Start of Materials provided
(* Let $\alpha>0$. The space $BV_\alpha(\mathbb{R}^d)$ embeds compactly into $L^1(\mathbb{R}^d)$: every sequence $(g_n)$ with $\sup_n\|g_n\|_{BV_\alpha}<\infty$ has a subsequence converging in $L^1(\mathbb{R}^d)$.
   Context: Let $\rho_\alpha(x)=(1+|x|^2)^{\alpha/2}$ and $L^1_\alpha(\mathbb{R}^d)$ the space of measurable $f$ with $\|f\|_{L^1_\alpha}:=\int\rho_\alpha|f|\,dx<\infty$. Let $\psi$ be a Radon probability measure on $\mathbb{R}^d$ absolutely continuous with respect to Lebesgue measure, with a continuous bounded density $\psi'$ satisfying $\psi'>0$ everywhere. For Borel $S$, $\operatorname{osc}(f,S):=\operatorname{ess\,sup}_S f-\operatorname{ess\,inf}_S f$ (essential with respect to Lebesgue measure). Define $\|f\|_{BV_\alpha}:=\|f\|_{L^1_\alpha}+\sup_{\epsilon\in(0,1]}\epsilon^{-1}\int_{\mathbb{R}^d}\operatorname{osc}(f,B_\epsilon(x))\,d\psi(x)$, and $BV_\alpha(\mathbb{R}^d)$ is the space of $f\in L^1_\alpha$ with finite $BV_\alpha$ norm. *)

theory Defs
  imports "HOL-Probability.Probability"
begin

definition rho :: "real \<Rightarrow> 'a::euclidean_space \<Rightarrow> real" where
  "rho \<alpha> x = (1 + (norm x)\<^sup>2) powr (\<alpha> / 2)"

definition L1w_norm :: "real \<Rightarrow> ('a::euclidean_space \<Rightarrow> real) \<Rightarrow> ennreal" where
  "L1w_norm \<alpha> f = (\<integral>\<^sup>+ x. ennreal (rho \<alpha> x * \<bar>f x\<bar>) \<partial>lebesgue)"

definition ess_sup_on :: "'a::euclidean_space set \<Rightarrow> ('a \<Rightarrow> real) \<Rightarrow> ereal" where
  "ess_sup_on S f = Inf {c::ereal. AE x in lebesgue. x \<in> S \<longrightarrow> ereal (f x) \<le> c}"

definition ess_inf_on :: "'a::euclidean_space set \<Rightarrow> ('a \<Rightarrow> real) \<Rightarrow> ereal" where
  "ess_inf_on S f = Sup {c::ereal. AE x in lebesgue. x \<in> S \<longrightarrow> c \<le> ereal (f x)}"

definition osc :: "('a::euclidean_space \<Rightarrow> real) \<Rightarrow> 'a set \<Rightarrow> ereal" where
  "osc f S = ess_sup_on S f - ess_inf_on S f"

definition BVw_norm :: "'a::euclidean_space measure \<Rightarrow> real \<Rightarrow> ('a \<Rightarrow> real) \<Rightarrow> ennreal" where
  "BVw_norm \<psi> \<alpha> f = L1w_norm \<alpha> f +
     (SUP \<epsilon>\<in>{0<..1::real}. (\<integral>\<^sup>+ x. e2ennreal (osc f (ball x \<epsilon>)) \<partial>\<psi>) / ennreal \<epsilon>)"

end

theory Submission
  imports Defs
begin

text \<open>
  Fix a mesh \<open>\<delta>\<close> and replace \<open>g\<close> on every cell of the grid \<open>\<delta> \<int>\<^sup>d\<close> by its essential
  infimum there. A cell lies in the ball of radius \<open>d \<delta>\<close> around each of its points, so the error
  at \<open>x\<close> is at most \<open>osc(g, B(x, d \<delta>))\<close>; where \<open>\<psi>' \<ge> m\<close>, the BV bound makes the L1 error at most
  \<open>C d \<delta> / m\<close>, uniformly in \<open>n\<close>. The cell values are bounded uniformly in \<open>n\<close> (the L1 norm of \<open>g\<close>
  plus the approximation error, divided by the cell volume), so a diagonal argument over the countably
  many cells of the meshes \<open>1 / (d (k + 1))\<close> yields a subsequence along which all grid approximations
  converge pointwise, hence in L1 on balls by dominated convergence. The weight \<open>\<rho>\<^sub>\<alpha>\<close> makes the
  mass outside large balls uniformly small. Hence the subsequence is Cauchy in L1, and L1 is complete.
\<close>

section \<open>Essential oscillation\<close>

lemma AE_le_ess_sup_on: "AE x in lebesgue. x \<in> S \<longrightarrow> ereal (f x) \<le> ess_sup_on S f"
proof -
  let ?X = "{c::ereal. AE x in lebesgue. x \<in> S \<longrightarrow> ereal (f x) \<le> c}"
  have "\<infinity> \<in> ?X" by simp
  then obtain c :: "nat \<Rightarrow> ereal" where c: "range c \<subseteq> ?X" "ess_sup_on S f = (INF i. c i)"
    using Inf_countable_INF[of ?X] unfolding ess_sup_on_def by blast
  have "AE x in lebesgue. \<forall>i. x \<in> S \<longrightarrow> ereal (f x) \<le> c i"
    using c(1) by (subst AE_all_countable) auto
  then show ?thesis
    by eventually_elim (simp add: c(2) le_INF_iff)
qed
End of Materials provided
What needs to be done:
If a line of the material contains the word "partial", pick it out and copy it.

Answer below:
  "L1w_norm \<alpha> f = (\<integral>\<^sup>+ x. ennreal (rho \<alpha> x * \<bar>f x\<bar>) \<partial>lebesgue)"
     (SUP \<epsilon>\<in>{0<..1::real}. (\<integral>\<^sup>+ x. e2ennreal (osc f (ball x \<epsilon>)) \<partial>\<psi>) / ennreal \<epsilon>)"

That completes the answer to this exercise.